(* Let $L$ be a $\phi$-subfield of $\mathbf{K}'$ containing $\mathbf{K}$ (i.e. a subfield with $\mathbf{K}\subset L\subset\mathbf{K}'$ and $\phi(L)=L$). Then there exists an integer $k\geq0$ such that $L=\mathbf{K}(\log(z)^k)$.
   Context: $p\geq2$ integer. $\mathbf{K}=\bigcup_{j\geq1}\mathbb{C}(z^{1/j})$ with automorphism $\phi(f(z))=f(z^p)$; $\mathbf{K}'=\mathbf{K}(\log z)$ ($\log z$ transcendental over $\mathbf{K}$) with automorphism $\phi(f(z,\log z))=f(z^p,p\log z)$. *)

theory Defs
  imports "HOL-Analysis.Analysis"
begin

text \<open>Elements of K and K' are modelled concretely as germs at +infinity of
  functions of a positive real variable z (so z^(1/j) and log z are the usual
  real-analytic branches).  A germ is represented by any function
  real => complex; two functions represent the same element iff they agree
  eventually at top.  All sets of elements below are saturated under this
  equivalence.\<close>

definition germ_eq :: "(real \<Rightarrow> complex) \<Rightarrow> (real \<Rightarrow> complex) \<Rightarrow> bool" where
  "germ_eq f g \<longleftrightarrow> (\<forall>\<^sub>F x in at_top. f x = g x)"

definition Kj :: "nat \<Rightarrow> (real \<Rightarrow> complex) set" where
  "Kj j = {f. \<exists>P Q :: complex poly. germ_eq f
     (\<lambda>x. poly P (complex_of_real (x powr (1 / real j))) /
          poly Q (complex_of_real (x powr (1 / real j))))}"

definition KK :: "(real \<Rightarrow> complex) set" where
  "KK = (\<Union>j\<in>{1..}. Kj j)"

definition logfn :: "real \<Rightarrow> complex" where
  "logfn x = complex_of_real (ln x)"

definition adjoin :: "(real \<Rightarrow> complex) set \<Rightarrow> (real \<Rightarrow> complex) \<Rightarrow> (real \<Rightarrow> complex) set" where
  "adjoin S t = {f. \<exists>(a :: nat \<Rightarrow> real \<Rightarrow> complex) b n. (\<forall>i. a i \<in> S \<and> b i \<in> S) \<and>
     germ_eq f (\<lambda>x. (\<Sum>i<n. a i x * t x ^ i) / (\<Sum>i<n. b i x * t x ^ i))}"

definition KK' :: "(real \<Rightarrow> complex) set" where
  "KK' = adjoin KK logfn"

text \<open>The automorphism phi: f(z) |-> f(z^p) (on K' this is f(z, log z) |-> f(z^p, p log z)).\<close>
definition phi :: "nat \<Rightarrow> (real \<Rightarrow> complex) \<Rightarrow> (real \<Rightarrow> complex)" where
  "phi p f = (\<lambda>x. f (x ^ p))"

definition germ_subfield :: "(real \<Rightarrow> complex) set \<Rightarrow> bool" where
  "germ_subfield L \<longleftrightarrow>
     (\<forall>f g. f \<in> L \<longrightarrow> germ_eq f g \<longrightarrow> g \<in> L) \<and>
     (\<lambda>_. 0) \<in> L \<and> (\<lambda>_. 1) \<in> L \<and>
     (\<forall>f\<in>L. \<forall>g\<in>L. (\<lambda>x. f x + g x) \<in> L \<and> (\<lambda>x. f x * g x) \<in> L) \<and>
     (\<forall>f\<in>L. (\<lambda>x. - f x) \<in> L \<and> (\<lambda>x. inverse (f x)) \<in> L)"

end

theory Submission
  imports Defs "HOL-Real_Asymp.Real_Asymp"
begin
...
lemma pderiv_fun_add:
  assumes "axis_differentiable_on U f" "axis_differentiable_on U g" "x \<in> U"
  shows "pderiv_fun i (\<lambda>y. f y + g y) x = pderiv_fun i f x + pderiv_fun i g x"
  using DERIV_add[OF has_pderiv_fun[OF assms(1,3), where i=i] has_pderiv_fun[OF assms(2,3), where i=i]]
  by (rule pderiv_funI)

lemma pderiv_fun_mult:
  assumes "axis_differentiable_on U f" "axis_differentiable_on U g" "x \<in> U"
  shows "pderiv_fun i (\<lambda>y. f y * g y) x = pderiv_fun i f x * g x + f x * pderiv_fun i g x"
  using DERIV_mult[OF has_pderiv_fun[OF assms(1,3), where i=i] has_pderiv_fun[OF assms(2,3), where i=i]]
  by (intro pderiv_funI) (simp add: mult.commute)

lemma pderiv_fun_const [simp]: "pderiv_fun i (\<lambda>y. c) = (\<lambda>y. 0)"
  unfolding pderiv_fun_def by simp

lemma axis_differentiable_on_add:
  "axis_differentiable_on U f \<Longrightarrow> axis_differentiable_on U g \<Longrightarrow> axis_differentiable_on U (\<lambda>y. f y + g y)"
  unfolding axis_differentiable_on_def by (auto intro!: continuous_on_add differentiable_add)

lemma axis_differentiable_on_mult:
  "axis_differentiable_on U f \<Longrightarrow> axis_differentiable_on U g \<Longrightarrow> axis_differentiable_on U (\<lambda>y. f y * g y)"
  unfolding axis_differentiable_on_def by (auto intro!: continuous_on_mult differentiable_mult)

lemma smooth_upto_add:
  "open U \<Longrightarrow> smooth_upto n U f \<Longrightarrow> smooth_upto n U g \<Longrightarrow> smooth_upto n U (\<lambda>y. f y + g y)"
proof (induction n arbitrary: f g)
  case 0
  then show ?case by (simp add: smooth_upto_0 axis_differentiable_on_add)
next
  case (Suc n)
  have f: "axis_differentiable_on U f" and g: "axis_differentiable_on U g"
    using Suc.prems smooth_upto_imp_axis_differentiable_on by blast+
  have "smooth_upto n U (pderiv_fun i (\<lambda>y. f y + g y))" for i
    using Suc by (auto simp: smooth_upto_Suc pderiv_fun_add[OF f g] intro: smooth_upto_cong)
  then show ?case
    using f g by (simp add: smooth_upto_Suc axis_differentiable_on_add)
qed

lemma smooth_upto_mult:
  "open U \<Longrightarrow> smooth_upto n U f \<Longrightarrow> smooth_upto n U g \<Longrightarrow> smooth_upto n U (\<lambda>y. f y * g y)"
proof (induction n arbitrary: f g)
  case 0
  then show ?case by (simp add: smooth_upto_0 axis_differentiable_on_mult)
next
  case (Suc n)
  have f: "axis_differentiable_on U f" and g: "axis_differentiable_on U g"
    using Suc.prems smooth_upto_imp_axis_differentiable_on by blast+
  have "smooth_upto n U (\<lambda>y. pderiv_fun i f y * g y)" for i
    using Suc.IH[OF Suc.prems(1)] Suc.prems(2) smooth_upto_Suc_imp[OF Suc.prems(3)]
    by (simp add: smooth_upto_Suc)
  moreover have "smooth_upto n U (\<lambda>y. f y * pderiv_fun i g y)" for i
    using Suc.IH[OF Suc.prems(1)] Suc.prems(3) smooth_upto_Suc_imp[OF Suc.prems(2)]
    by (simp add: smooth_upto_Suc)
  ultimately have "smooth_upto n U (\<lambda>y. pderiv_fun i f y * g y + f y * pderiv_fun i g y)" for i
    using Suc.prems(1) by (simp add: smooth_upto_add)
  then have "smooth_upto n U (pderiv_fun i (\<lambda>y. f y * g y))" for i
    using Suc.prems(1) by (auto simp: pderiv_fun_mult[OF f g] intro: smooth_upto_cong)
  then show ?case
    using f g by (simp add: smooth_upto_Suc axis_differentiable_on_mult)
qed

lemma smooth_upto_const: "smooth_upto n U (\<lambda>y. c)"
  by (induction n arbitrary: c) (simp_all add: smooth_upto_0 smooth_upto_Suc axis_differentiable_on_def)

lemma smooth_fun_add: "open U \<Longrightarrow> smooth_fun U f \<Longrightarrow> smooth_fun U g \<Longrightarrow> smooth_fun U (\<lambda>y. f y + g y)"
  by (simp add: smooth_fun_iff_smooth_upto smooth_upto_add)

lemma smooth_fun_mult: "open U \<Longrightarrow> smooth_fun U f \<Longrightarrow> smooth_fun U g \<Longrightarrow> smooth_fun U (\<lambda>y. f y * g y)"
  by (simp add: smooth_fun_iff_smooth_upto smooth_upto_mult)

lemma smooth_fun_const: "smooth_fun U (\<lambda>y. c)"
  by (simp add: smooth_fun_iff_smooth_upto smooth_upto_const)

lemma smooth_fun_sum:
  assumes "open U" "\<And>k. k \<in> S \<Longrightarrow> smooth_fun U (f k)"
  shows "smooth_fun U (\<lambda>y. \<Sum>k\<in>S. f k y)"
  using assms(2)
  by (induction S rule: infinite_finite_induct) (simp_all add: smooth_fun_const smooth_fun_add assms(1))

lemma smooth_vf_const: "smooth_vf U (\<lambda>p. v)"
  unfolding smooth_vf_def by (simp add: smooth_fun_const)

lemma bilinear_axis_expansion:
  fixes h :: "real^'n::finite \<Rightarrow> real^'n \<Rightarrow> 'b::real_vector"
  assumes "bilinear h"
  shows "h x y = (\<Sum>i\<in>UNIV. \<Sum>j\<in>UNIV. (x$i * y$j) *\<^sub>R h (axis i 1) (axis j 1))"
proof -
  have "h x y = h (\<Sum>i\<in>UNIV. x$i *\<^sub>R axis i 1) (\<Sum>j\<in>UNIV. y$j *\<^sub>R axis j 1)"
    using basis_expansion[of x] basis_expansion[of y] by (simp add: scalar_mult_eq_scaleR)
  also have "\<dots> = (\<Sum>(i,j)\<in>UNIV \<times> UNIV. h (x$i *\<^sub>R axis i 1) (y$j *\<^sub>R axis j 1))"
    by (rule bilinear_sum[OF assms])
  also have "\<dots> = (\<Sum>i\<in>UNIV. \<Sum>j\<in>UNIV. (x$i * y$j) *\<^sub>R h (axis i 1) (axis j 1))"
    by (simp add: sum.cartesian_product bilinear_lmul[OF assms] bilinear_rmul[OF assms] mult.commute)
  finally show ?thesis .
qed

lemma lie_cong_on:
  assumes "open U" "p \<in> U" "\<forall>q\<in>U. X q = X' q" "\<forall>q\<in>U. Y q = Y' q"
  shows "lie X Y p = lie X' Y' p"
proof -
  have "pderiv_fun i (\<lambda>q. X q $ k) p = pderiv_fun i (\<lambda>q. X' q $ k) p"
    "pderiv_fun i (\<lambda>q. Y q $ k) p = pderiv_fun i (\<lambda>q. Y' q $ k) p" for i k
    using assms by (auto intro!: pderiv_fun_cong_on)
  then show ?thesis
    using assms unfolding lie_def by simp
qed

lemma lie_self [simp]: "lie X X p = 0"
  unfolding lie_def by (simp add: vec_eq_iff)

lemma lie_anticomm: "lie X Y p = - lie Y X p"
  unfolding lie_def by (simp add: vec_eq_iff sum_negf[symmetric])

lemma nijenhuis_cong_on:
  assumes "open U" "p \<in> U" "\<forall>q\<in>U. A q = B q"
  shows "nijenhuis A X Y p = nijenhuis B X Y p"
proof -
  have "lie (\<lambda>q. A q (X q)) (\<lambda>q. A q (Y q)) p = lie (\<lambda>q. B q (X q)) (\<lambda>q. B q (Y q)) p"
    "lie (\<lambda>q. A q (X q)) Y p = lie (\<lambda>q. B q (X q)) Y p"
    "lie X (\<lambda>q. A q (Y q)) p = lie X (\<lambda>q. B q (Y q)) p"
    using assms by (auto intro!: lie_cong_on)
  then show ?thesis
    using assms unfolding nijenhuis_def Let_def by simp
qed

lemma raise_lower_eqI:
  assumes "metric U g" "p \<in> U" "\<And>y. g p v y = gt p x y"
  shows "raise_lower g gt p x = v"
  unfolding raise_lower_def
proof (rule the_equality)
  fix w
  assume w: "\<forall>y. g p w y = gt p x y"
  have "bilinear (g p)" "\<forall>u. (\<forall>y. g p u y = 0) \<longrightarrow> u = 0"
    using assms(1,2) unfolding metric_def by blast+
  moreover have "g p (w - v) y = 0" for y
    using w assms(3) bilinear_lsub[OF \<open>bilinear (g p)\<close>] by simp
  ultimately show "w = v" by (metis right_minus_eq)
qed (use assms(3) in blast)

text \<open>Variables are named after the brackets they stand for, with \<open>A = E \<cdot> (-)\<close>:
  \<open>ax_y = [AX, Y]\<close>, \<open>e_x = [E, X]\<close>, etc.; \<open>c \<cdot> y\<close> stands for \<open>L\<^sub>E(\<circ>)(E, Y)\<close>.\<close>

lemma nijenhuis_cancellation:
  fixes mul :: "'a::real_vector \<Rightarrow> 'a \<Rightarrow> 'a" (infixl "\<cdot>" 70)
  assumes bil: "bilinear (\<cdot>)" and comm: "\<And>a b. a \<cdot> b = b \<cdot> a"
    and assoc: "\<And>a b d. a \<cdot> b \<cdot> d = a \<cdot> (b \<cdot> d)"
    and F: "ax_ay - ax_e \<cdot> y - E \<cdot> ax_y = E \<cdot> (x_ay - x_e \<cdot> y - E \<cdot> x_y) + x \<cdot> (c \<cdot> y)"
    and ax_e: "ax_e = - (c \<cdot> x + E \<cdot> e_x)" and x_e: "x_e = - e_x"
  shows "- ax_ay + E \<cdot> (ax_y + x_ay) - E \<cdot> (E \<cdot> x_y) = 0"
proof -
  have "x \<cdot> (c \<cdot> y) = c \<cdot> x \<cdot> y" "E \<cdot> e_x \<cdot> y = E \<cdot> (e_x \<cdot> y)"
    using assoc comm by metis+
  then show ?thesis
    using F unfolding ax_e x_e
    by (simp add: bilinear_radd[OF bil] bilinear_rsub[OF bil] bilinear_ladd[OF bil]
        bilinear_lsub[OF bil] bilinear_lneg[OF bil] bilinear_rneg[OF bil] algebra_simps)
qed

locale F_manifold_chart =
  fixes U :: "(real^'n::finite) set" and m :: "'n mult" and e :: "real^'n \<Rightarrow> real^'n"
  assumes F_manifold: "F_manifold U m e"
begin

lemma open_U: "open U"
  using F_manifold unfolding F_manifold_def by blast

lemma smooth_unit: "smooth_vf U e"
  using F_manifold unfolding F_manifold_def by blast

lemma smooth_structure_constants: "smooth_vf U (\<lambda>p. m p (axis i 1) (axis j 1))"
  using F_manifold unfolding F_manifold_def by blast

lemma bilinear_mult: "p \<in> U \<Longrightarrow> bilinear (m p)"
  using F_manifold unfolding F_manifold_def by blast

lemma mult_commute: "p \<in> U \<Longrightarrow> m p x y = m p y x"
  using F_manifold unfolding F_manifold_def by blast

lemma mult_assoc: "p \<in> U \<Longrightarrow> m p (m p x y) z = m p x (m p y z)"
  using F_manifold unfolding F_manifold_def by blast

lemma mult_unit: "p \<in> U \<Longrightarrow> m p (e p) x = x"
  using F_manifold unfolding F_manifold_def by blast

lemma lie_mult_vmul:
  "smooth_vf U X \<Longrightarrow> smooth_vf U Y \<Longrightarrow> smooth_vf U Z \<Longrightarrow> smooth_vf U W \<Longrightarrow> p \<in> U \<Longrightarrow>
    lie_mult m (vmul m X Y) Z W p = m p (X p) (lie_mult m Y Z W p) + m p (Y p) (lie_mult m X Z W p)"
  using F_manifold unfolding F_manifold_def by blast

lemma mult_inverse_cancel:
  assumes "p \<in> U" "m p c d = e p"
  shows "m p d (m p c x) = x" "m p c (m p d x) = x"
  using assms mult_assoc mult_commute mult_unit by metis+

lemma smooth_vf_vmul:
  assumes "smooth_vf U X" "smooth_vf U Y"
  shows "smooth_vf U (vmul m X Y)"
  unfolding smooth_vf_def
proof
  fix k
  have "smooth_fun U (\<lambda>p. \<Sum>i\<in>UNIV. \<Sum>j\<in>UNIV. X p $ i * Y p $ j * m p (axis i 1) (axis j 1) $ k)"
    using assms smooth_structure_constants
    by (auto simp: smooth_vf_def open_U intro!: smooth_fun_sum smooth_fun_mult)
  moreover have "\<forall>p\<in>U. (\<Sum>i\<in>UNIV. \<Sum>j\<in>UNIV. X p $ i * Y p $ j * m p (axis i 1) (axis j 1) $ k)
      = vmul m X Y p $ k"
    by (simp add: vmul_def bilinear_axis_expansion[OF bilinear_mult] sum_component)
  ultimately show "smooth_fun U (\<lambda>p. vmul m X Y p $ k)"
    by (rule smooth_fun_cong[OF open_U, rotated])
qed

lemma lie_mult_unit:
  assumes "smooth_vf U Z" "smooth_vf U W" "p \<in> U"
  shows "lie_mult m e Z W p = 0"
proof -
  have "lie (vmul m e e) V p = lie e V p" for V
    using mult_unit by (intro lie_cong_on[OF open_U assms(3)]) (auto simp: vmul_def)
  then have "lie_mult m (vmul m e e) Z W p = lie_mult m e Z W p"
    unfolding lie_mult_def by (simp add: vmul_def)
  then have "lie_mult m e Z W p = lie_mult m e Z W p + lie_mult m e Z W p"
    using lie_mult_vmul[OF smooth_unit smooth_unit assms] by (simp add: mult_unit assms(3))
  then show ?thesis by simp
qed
==
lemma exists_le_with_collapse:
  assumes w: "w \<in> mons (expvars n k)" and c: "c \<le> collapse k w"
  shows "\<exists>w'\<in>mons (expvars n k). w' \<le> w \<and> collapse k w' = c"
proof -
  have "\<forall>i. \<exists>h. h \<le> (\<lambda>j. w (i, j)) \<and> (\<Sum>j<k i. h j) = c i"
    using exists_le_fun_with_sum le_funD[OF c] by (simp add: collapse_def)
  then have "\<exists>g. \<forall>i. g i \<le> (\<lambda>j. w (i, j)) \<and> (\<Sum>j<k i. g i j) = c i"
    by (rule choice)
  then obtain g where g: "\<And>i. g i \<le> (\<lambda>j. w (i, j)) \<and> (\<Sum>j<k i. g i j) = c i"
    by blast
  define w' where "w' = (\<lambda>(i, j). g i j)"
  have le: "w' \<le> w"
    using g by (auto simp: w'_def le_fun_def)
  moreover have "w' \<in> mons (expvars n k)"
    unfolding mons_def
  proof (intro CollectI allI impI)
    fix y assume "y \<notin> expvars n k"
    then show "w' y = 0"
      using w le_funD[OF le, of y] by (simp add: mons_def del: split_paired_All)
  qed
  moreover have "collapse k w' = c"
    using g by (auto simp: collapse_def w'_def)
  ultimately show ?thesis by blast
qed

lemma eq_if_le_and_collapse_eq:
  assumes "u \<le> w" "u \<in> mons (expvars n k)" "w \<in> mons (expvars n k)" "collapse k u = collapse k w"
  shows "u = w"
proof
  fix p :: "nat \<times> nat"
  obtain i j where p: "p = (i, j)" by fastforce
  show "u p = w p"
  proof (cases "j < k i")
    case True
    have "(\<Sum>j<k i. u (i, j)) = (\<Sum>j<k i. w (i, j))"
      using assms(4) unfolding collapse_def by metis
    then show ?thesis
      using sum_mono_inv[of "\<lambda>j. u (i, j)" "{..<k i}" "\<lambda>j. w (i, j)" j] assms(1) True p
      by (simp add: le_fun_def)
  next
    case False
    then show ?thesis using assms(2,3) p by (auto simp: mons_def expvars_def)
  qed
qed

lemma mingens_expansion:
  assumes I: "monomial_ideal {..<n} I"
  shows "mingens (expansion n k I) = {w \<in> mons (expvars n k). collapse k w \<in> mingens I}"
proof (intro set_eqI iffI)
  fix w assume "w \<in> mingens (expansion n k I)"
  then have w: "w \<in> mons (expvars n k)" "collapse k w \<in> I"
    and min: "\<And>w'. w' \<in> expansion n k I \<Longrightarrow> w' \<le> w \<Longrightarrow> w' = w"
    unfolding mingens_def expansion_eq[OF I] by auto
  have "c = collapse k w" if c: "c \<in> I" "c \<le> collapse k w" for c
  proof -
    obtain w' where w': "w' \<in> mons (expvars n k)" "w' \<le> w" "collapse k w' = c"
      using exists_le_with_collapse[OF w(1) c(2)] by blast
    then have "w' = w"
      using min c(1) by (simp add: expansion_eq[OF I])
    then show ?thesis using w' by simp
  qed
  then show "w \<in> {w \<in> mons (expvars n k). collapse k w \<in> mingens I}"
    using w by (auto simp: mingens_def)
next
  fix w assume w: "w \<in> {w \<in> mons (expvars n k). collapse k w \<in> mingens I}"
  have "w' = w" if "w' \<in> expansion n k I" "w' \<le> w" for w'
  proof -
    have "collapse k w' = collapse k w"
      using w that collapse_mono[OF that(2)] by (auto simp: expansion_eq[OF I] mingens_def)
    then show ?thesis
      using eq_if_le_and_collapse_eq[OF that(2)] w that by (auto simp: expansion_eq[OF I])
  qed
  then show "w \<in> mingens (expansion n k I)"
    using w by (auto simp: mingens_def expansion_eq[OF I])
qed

Exercise description — Filter the entries down to the lines that include the string "times".

Answer box —
  also have "\<dots> = (\<Sum>(i,j)\<in>UNIV \<times> UNIV. h (x$i *\<^sub>R axis i 1) (y$j *\<^sub>R axis j 1))"
  fix p :: "nat \<times> nat"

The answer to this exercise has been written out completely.